*Task to complete*
Reproduce the records below exactly, but only between the lines holding "identity morphisms (those" and "n m \<longleftrightarrow>", inclusive.

====== Exercise data

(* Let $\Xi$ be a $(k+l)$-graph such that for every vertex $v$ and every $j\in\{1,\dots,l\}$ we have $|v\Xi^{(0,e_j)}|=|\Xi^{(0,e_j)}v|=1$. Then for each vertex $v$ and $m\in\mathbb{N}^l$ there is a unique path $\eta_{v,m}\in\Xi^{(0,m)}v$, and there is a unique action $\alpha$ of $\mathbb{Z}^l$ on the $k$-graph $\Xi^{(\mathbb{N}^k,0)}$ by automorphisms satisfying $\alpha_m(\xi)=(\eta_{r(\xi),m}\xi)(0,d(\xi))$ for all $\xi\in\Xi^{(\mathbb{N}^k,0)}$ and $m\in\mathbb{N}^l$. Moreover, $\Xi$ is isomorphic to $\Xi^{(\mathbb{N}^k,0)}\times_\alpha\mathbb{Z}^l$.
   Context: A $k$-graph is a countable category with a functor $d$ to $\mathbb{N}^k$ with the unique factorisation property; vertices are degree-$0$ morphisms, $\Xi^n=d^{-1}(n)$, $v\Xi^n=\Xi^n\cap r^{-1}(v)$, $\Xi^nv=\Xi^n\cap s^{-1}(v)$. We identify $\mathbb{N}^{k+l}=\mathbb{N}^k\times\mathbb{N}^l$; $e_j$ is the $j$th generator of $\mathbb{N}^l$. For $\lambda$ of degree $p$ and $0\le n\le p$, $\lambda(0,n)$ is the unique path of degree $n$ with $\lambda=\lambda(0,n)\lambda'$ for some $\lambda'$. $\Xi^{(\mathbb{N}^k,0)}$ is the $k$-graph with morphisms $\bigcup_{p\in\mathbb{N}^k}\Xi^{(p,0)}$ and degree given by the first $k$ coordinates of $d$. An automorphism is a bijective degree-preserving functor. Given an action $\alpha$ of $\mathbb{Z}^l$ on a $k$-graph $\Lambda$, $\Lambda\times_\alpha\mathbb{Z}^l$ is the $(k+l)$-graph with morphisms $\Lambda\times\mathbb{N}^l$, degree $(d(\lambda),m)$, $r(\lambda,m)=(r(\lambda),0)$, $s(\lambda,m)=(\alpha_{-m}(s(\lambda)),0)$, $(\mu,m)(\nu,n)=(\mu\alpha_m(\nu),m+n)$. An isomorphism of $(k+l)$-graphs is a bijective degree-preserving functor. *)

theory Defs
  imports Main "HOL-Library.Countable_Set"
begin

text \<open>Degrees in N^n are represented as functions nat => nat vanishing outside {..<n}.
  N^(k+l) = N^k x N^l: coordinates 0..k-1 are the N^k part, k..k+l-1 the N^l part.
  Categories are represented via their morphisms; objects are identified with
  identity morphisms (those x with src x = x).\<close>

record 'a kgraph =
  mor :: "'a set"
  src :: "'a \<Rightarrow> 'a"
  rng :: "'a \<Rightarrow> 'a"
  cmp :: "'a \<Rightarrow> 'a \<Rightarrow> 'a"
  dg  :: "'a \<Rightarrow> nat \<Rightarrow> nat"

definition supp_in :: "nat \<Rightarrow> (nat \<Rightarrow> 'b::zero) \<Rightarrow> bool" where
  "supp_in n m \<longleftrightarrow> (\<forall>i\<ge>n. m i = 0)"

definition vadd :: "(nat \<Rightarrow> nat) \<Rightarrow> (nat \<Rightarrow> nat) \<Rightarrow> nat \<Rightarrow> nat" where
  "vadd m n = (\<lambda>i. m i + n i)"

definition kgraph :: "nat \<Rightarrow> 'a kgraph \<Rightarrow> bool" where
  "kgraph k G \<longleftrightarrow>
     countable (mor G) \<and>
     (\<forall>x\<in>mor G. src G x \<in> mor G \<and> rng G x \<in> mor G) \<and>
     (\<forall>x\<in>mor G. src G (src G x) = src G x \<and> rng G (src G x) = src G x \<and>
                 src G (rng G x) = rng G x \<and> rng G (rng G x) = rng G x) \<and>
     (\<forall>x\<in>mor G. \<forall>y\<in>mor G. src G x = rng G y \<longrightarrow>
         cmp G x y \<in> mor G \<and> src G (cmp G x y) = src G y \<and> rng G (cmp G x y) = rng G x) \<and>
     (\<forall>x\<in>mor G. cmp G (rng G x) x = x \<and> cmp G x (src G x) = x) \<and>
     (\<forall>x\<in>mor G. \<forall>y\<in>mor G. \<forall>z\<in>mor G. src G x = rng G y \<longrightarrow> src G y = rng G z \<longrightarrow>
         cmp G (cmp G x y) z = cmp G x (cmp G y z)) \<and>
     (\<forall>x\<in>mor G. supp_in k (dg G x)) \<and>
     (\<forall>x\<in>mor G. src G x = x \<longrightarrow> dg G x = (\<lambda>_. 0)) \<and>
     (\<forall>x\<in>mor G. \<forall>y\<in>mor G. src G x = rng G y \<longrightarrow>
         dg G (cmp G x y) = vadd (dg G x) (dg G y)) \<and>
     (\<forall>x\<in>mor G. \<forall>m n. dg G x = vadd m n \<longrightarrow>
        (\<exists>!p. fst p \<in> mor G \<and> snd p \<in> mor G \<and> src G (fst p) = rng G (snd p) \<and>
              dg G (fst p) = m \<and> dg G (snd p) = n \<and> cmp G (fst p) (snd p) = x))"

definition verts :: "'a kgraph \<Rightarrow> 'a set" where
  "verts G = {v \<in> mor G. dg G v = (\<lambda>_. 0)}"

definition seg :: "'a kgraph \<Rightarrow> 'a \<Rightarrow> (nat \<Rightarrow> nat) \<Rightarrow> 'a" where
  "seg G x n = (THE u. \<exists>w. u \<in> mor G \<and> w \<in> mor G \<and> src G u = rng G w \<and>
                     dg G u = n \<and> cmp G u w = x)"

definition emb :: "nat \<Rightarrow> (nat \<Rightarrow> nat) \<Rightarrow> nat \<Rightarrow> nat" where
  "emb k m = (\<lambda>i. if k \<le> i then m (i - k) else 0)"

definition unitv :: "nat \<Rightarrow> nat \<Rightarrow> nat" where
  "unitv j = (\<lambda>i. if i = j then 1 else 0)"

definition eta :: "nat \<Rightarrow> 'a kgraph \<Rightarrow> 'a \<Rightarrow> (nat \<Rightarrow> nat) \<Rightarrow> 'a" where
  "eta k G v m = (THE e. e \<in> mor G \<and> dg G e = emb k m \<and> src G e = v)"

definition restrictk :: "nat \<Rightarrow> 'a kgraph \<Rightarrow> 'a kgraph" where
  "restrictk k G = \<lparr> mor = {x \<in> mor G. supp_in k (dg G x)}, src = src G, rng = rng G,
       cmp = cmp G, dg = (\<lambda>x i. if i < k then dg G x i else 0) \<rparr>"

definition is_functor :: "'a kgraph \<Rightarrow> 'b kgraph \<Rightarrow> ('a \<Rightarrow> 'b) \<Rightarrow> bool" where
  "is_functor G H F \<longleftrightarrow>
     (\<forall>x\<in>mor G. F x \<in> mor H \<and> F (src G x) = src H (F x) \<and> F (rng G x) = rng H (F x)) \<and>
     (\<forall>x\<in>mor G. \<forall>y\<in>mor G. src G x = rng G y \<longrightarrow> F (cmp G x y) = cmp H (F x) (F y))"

============
====== Exercise data

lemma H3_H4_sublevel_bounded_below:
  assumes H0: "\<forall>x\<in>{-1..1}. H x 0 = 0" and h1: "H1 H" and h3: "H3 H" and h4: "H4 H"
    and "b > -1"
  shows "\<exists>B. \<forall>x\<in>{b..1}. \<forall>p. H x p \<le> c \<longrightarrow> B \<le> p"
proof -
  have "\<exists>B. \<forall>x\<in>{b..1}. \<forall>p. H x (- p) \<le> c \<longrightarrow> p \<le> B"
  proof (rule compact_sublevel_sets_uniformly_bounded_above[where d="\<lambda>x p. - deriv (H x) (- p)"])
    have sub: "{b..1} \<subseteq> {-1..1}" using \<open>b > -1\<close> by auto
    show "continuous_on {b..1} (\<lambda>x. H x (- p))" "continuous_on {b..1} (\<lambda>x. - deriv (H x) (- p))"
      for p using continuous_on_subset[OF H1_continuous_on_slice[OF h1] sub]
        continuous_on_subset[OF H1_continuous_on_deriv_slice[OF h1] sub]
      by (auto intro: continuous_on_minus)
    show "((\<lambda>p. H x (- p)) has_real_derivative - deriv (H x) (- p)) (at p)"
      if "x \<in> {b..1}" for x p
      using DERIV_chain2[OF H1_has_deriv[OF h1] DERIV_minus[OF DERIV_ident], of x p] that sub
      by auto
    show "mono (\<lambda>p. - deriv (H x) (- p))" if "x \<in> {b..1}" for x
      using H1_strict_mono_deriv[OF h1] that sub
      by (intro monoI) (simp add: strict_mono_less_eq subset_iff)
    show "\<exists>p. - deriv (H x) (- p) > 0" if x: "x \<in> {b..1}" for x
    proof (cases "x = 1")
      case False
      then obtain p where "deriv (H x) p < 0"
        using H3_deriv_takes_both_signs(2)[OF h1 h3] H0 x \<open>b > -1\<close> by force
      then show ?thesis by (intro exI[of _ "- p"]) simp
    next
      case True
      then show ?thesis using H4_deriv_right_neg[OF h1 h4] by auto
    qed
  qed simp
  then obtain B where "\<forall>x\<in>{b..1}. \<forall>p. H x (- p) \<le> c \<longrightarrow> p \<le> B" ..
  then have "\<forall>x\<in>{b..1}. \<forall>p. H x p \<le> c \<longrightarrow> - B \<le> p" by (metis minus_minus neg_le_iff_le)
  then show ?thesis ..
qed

============
====== Exercise data

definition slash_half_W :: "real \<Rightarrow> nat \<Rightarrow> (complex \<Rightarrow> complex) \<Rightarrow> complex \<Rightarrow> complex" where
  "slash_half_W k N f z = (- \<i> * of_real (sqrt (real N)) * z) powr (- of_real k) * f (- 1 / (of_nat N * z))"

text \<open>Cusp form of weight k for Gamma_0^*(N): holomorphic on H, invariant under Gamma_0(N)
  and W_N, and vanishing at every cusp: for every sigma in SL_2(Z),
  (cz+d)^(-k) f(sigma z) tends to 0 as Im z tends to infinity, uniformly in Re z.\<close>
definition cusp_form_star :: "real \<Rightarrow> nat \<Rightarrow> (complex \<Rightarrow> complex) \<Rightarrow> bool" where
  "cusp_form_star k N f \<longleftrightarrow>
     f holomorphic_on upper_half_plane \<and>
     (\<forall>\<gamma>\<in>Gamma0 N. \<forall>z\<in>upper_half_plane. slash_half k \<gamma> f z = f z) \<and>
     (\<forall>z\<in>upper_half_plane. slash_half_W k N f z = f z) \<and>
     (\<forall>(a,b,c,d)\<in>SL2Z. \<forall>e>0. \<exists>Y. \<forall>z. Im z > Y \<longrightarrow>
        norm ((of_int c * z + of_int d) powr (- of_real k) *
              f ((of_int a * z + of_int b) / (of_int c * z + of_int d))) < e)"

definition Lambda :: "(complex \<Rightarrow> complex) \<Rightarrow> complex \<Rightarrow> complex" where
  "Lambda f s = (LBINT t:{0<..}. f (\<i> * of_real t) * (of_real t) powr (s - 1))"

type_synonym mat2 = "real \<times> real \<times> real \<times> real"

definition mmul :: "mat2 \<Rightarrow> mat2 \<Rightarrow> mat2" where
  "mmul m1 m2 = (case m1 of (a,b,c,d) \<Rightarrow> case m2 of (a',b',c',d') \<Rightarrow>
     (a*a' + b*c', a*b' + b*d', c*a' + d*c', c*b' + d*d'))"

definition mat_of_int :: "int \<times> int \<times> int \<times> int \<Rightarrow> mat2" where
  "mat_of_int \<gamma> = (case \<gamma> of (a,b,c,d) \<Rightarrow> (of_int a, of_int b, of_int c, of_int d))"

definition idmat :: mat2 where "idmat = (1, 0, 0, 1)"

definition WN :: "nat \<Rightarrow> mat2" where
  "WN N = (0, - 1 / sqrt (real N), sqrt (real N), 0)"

============

*Written response*
  identity morphisms (those x with src x = x).\<close>

record 'a kgraph =
  mor :: "'a set"
  src :: "'a \<Rightarrow> 'a"
  rng :: "'a \<Rightarrow> 'a"
  cmp :: "'a \<Rightarrow> 'a \<Rightarrow> 'a"
  dg  :: "'a \<Rightarrow> nat \<Rightarrow> nat"

definition supp_in :: "nat \<Rightarrow> (nat \<Rightarrow> 'b::zero) \<Rightarrow> bool" where
  "supp_in n m \<longleftrightarrow> (\<forall>i\<ge>n. m i = 0)"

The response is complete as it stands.